The electronic version of this article is the complete one and can be found online at:

Received:11 August 2010
Accepted:21 October 2010
Published:21 October 2010

© 2010 Fassbender et al; licensee BioMed Central Ltd.

This is an Open Access article distributed under the terms of the Creative Commons Attribution License (, which permits unrestricted use, distribution, and reproduction in any medium, provided the original work is properly cited.

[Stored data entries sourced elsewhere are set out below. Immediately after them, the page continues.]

lemma strict_antimono_ratio:
  assumes "0 < a"
  shows "strict_antimono_on {0..} (\<lambda>t::real. a / (a + t))"
  using assms by (intro monotone_onI) (auto intro!: divide_strict_left_mono)

lemma strict_antimono_ratio_increment:
  assumes a: "0 < a" and v: "0 < v"
  shows "strict_antimono_on {0..} (\<lambda>t::real. a / (a + t) - a / (a + (t + v)))"
proof (intro monotone_onI)
  have increment: "a / (a + t) - a / (a + (t + v)) = a * v / ((a + t) * (a + t + v))" if "0 \<le> t" for t
    using that a v by (simp add: field_simps)
  fix s t :: real assume "s \<in> {0..}" "t \<in> {0..}" "s < t"
  moreover from this have "(a + s) * (a + s + v) < (a + t) * (a + t + v)"
    using a v by (intro mult_strict_mono) auto
  ultimately show "a / (a + t) - a / (a + (t + v)) < a / (a + s) - a / (a + (s + v))"
    using a v by (simp add: increment divide_strict_left_mono)
qed

lemma (in finite_measure) set_integral_pos:
  fixes f :: "'a \<Rightarrow> real"
  assumes "A \<in> sets M" "emeasure M A \<noteq> 0" "set_integrable M A f" "\<And>x. x \<in> A \<Longrightarrow> 0 < f x"
  shows "0 < set_lebesgue_integral M A f"
proof -
  have "integral\<^sup>L M (\<lambda>_. 0) < (\<integral>x. indicator A x * f x \<partial>M)"
    using assms unfolding set_integrable_def
    by (intro integral_less_AE[where A=A] AE_I2)
      (auto simp: indicator_def intro: less_imp_le dest: assms(4))
  then show ?thesis by (simp add: set_lebesgue_integral_def)
qed

lemma prob_space_density:
  assumes "f \<in> borel_measurable M" "(\<integral>\<^sup>+ x. ennreal (f x) \<partial>M) = 1"
  shows "prob_space (density M (\<lambda>x. ennreal (f x)))"
proof
  have "emeasure (density M (\<lambda>x. ennreal (f x))) (space M) = (\<integral>\<^sup>+ x. ennreal (f x) \<partial>M)"
    using assms(1) by (subst emeasure_density) (auto intro!: nn_integral_cong)
  then show "emeasure (density M (\<lambda>x. ennreal (f x))) (space (density M (\<lambda>x. ennreal (f x)))) = 1"
    using assms(2) by simp
qed

lemma emeasure_density_support_nonzero:
  fixes f g :: "'a \<Rightarrow> real"
  assumes [measurable]: "f \<in> borel_measurable M" "g \<in> borel_measurable M"
    and "\<And>x. x \<in> space M \<Longrightarrow> 0 \<le> f x" "(\<integral>\<^sup>+ x. ennreal (f x) \<partial>M) \<noteq> 0"
    and "\<And>x. x \<in> space M \<Longrightarrow> 0 < f x \<Longrightarrow> 0 < g x"
  shows "emeasure (density M (\<lambda>x. ennreal (g x))) {x \<in> space M. 0 < f x} \<noteq> 0"
proof
  assume "emeasure (density M (\<lambda>x. ennreal (g x))) {x \<in> space M. 0 < f x} = 0"
  then have "AE x in M. 0 < f x \<longrightarrow> ennreal (g x) = 0"
    by (subst (asm) emeasure_density) (auto simp: nn_integral_0_iff_AE indicator_def)
  then have "AE x in M. ennreal (f x) = 0"
    by (rule AE_mp) (use assms(3,5) in force)
  then show False
    using assms(4) by (simp add: nn_integral_0_iff_AE)
qed

locale nonneg_weight = prob_space Q for Q :: "'a measure" +
  fixes W :: "'a \<Rightarrow> real"
  assumes borel_measurable_W[measurable]: "W \<in> borel_measurable Q"
    and W_nonneg: "y \<in> space Q \<Longrightarrow> 0 \<le> W y"
    and W_pos: "emeasure Q {y \<in> space Q. 0 < W y} \<noteq> 0"
begin

definition shift_mean :: "(real \<Rightarrow> real) \<Rightarrow> real \<Rightarrow> real" where
  "shift_mean \<phi> t = (\<integral>y. \<phi> (t + W y) \<partial>Q)"

lemma borel_measurable_shift_mean:
  assumes [measurable]: "\<phi> \<in> borel_measurable borel"
  shows "shift_mean \<phi> \<in> borel_measurable borel"
  unfolding shift_mean_def[abs_def]
  by (rule borel_measurable_lebesgue_integral[where f="\<lambda>t y. \<phi> (t + W y)"]) measurable

lemma integrable_shift:
  fixes \<phi> :: "real \<Rightarrow> real"
  assumes "\<phi> \<in> borel_measurable borel" "bounded (\<phi> ` {0..})" "0 \<le> t"
  shows "integrable Q (\<lambda>y. \<phi> (t + W y))"
proof -
  obtain B where "\<And>s. 0 \<le> s \<Longrightarrow> \<bar>\<phi> s\<bar> \<le> B"
    using assms(2) unfolding bounded_real by auto
  with assms(1,3) show ?thesis
    by (intro integrable_const_bound[where B=B] AE_I2) (auto simp: W_nonneg)
qed

lemma bounded_shift_mean:
  assumes "\<phi> \<in> borel_measurable borel" "bounded (\<phi> ` {0..})"
  shows "bounded (shift_mean \<phi> ` {0..})"
proof -
  obtain B where B: "\<And>s. 0 \<le> s \<Longrightarrow> \<bar>\<phi> s\<bar> \<le> B"
    using assms(2) unfolding bounded_real by auto
  have "\<bar>shift_mean \<phi> t\<bar> \<le> B" if "0 \<le> t" for t
  proof -
    have "\<bar>shift_mean \<phi> t\<bar> \<le> (\<integral>y. \<bar>\<phi> (t + W y)\<bar> \<partial>Q)"
      unfolding shift_mean_def by (rule integral_abs_bound)
    also have "\<dots> \<le> B"
      using that assms by (intro integral_le_const integrable_abs integrable_shift AE_I2) (auto simp: B W_nonneg)
    finally show ?thesis .
  qed
  then show ?thesis unfolding bounded_real by auto
qed

lemma shift_mean_diff:
  assumes "\<phi> \<in> borel_measurable borel" "bounded (\<phi> ` {0..})"
    and "\<psi> \<in> borel_measurable borel" "bounded (\<psi> ` {0..})" "0 \<le> t"
  shows "shift_mean (\<lambda>s. \<phi> s - \<psi> s) t = shift_mean \<phi> t - shift_mean \<psi> t"
  unfolding shift_mean_def using assms by (simp add: integrable_shift)

lemma shift_mean_less:
  assumes "\<phi> \<in> borel_measurable borel" "bounded (\<phi> ` {0..})" "strict_antimono_on {0..} \<phi>" "0 \<le> t"
  shows "shift_mean \<phi> t < \<phi> t"
proof -
  have shift_less: "\<phi> (t + W y) < \<phi> t" if "0 < W y" for y
    using monotone_onD[OF assms(3), of t "t + W y"] assms(4) that by auto
  have shift_le: "\<phi> (t + W y) \<le> \<phi> t" if "y \<in> space Q" for y
    using shift_less[of y] W_nonneg[OF that] by (cases "W y = 0") (auto simp: less_imp_le)
  have "shift_mean \<phi> t < (\<integral>y. \<phi> t \<partial>Q)"
    unfolding shift_mean_def
  proof (rule integral_less_AE[OF integrable_shift[OF assms(1,2,4)] _ W_pos])
    show "AE y in Q. y \<in> {y \<in> space Q. 0 < W y} \<longrightarrow> \<phi> (t + W y) \<noteq> \<phi> t"
      using shift_less by (intro AE_I2) (auto simp: less_imp_neq)
  qed (use shift_le in auto)
  then show ?thesis by (simp add: prob_space)
qed

lemma strict_antimono_sub_shift_mean:
  assumes "\<phi> \<in> borel_measurable borel" "bounded (\<phi> ` {0..})"
    and "\<And>v. 0 < v \<Longrightarrow> strict_antimono_on {0..} (\<lambda>s. \<phi> s - \<phi> (s + v))"
  shows "strict_antimono_on {0..} (\<lambda>s. \<phi> s - shift_mean \<phi> s)"
proof (intro monotone_onI)
  fix s t :: real assume s: "s \<in> {0..}" and t: "t \<in> {0..}" and "s < t"
  define v where "v = t - s"
  have v: "0 < v" using \<open>s < t\<close> by (simp add: v_def)
  have shifted: "bounded ((\<lambda>r. \<phi> (r + v)) ` {0..})"
    using v by (intro bounded_subset[OF assms(2)]) auto
  have "shift_mean \<phi> s - shift_mean \<phi> t = shift_mean (\<lambda>r. \<phi> r - \<phi> (r + v)) s"
    using assms(1,2) shifted s by (subst shift_mean_diff) (auto simp: shift_mean_def v_def ac_simps)
  also have "\<dots> < \<phi> s - \<phi> (s + v)"
    using shift_mean_less[OF _ bounded_minus_comp[OF assms(2) shifted] assms(3)[OF v]] assms(1) s
    by simp
  finally show "\<phi> t - shift_mean \<phi> t < \<phi> s - shift_mean \<phi> s" by (simp add: v_def)
qed

definition sum_weights :: "nat \<Rightarrow> (nat \<Rightarrow> 'a) \<Rightarrow> real" where
  "sum_weights k zs = (\<Sum>n\<in>{2..k}. W (zs n))"

abbreviation samples :: "nat \<Rightarrow> (nat \<Rightarrow> 'a) measure" where
  "samples k \<equiv> PiM {2..k} (\<lambda>_. Q)"

lemma prob_space_samples: "prob_space (samples k)"
  by (intro prob_space_PiM prob_space_axioms)

lemma borel_measurable_sum_weights[measurable]: "sum_weights k \<in> borel_measurable (samples k)"
  unfolding sum_weights_def by measurable

lemma sum_weights_nonneg: "zs \<in> space (samples k) \<Longrightarrow> 0 \<le> sum_weights k zs"
  unfolding sum_weights_def by (intro sum_nonneg W_nonneg) (auto simp: space_PiM)

lemma sum_weights_insert:
  assumes "1 \<le> k"
  shows "sum_weights (k + 1) (zs(k + 1 := y)) = sum_weights k zs + W y"
proof -
  have "{2..k + 1} = insert (k + 1) {2..k}" using assms by auto
  then show ?thesis unfolding sum_weights_def by (simp add: add.commute)
qed

lemma integrable_sum_weights:
  fixes \<phi> :: "real \<Rightarrow> real"
  assumes [measurable]: "\<phi> \<in> borel_measurable borel" and "bounded (\<phi> ` {0..})"
  shows "integrable (samples k) (\<lambda>zs. \<phi> (sum_weights k zs))"
proof -
  interpret samples: prob_space "samples k" by (rule prob_space_samples)
  obtain B where "\<And>s. 0 \<le> s \<Longrightarrow> \<bar>\<phi> s\<bar> \<le> B"
    using assms(2) unfolding bounded_real by auto
  then show ?thesis
    by (intro samples.integrable_const_bound[where B=B] AE_I2) (auto simp: sum_weights_nonneg)
qed

lemma integral_sum_weights_Suc:
  fixes \<phi> :: "real \<Rightarrow> real"
  assumes "1 \<le> k" and [measurable]: "\<phi> \<in> borel_measurable borel" and "bounded (\<phi> ` {0..})"
  shows "(\<integral>zs. \<phi> (sum_weights (k + 1) zs) \<partial>samples (k + 1)) =
    (\<integral>zs. shift_mean \<phi> (sum_weights k zs) \<partial>samples k)"
proof -
  interpret product_sigma_finite "\<lambda>_::nat. Q" by unfold_locales
  have "{2..k + 1} = insert (k + 1) {2..k}" using assms(1) by auto
  then have "(\<integral>zs. \<phi> (sum_weights (k + 1) zs) \<partial>samples (k + 1)) =
      (\<integral>zs. (\<integral>y. \<phi> (sum_weights (k + 1) (zs(k + 1 := y))) \<partial>Q) \<partial>samples k)"
    using product_integral_insert[of "{2..k}" "k + 1" "\<lambda>zs. \<phi> (sum_weights (k + 1) zs)"]
      integrable_sum_weights[OF assms(2,3), of "k + 1"]
    by simp
  then show ?thesis
    by (simp only: sum_weights_insert[OF assms(1)] shift_mean_def)
qed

According to mRNA microarray, proteomics and other studies, biological abnormalities of eutopic endometrium (EM) are involved in the pathogenesis of endometriosis, but the relationship between mRNA and protein expression in EM is not clear. We tested for the first time the hypothesis that EM TRIzol extraction allows proteomic Surface Enhanced Laser Desorption/Ionisation Time-of-Flight Mass Spectrometry (SELDI-TOF MS) analysis and that these proteomic data can be related to mRNA (microarray) data obtained from the same EM sample from women with and without endometriosis.


Proteomic analysis was performed using SELDI-TOF-MS of TRIzol-extracted EM obtained during secretory phase from patients without endometriosis (n = 6), patients with minimal-mild (n = 5) and with moderate-severe endometriosis (n = 5), classified according to the system of the American Society of Reproductive Medicine. Proteomic data were compared to mRNA microarray data obtained from the same EM samples.

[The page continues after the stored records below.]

lemma borel_measurable_Ssum:
  assumes [measurable]: "\<phi> \<in> borel_measurable borel"
  shows "Ssum b \<gamma> \<phi> x \<in> borel_measurable (nuN b)"
proof -
  have [measurable]: "(\<lambda>j. real (j i)) \<in> borel_measurable (nuN b)" if "1 \<le> i" for i
    using measurable_nuN_component[OF that] by (rule measurable_compose) simp
  show ?thesis
    unfolding Ssum_def by measurable
qed

lemma measurable_embedding_ambient:
  assumes "\<phi> \<in> borel_measurable borel" "x \<in> {0..<1}"
  shows "(\<lambda>j. (j, Ssum b \<gamma> \<phi> x j, x)) \<in> measurable (nuN b) (ambient b)"
  unfolding ambient_def
proof (intro measurable_Pair)
  show "(\<lambda>j. j) \<in> measurable (nuN b) (PiM {1..} (\<lambda>_. count_space {..<b}))"
    by (simp add: measurable_ident_sets sets_nuN)
  show "Ssum b \<gamma> \<phi> x \<in> measurable (nuN b) lborel"
    using borel_measurable_Ssum[OF assms(1)] by simp
  show "(\<lambda>j. x) \<in> measurable (nuN b) (restrict_space lborel {0..<1})"
    using assms(2) by (intro measurable_const) (auto simp: space_restrict_space)
qed

lemma measurable_ambient_first_symbol: "(\<lambda>p. fst p 1) \<in> measurable (ambient b) (count_space {..<b})"
  unfolding ambient_def
  by (rule measurable_compose[OF measurable_fst]) (intro measurable_component_singleton, auto)

lemma borel_measurable_ambient_height [measurable]: "(\<lambda>p. fst (snd p)) \<in> borel_measurable (ambient b)"
  unfolding ambient_def by measurable

lemma borel_measurable_ambient_base [measurable]: "(\<lambda>p. snd (snd p)) \<in> borel_measurable (ambient b)"
proof -
  have "(\<lambda>p. snd (snd p)) \<in> measurable (ambient b) (restrict_space lborel {0..<1})"
    unfolding ambient_def by measurable
  then show ?thesis by (rule measurable_compose) (simp add: measurable_restrict_space1)
qed

lemma sets_BT [measurable]: "BT b p r \<in> sets (ambient b)"
proof -
  have "BT b p r = {q\<in>space (ambient b). fst (snd q) \<in> {fst (snd p) - r..fst (snd p) + r}}"
    unfolding BT_def by (auto simp: abs_le_iff)
  also have "\<dots> \<in> sets (ambient b)" by measurable
  finally show ?thesis .
qed

lemma sets_Part [measurable]: "Part b p \<in> sets (ambient b)"
proof -
  have "Part b p = (\<lambda>q. fst q 1) -` ({fst p 1} \<inter> {..<b}) \<inter> space (ambient b)"
    using measurable_space[OF measurable_ambient_first_symbol[of b]] unfolding Part_def by auto
  also have "\<dots> \<in> sets (ambient b)"
    by (rule measurable_sets[OF measurable_ambient_first_symbol]) simp
  finally show ?thesis .
qed

lemma measure_mu:
  assumes "\<phi> \<in> borel_measurable borel" "x \<in> {0..<1}" "B \<in> sets (ambient b)"
  shows "measure (mu b \<gamma> \<phi> x) B = measure (nuN b) {j\<in>space (nuN b). (j, Ssum b \<gamma> \<phi> x j, x) \<in> B}"
  unfolding mu_def using measurable_embedding_ambient[OF assms(1,2)] assms(3)
  by (subst measure_distr) (auto intro: arg_cong[where f = "measure (nuN b)"])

In our SELDI-TOF MS study 32 peaks were differentially expressed in endometrium of all women with endometriosis (stages I-IV) compared with all controls during the secretory phase. Comparison of proteomic results with those from microarray revealed no corresponding genes/proteins.


TRIzol treatment of secretory phase EM allows combined proteomic and mRNA microarray analysis of the same sample, but comparison between proteomic and microarray data was not evident, probably due to post-translational modifications.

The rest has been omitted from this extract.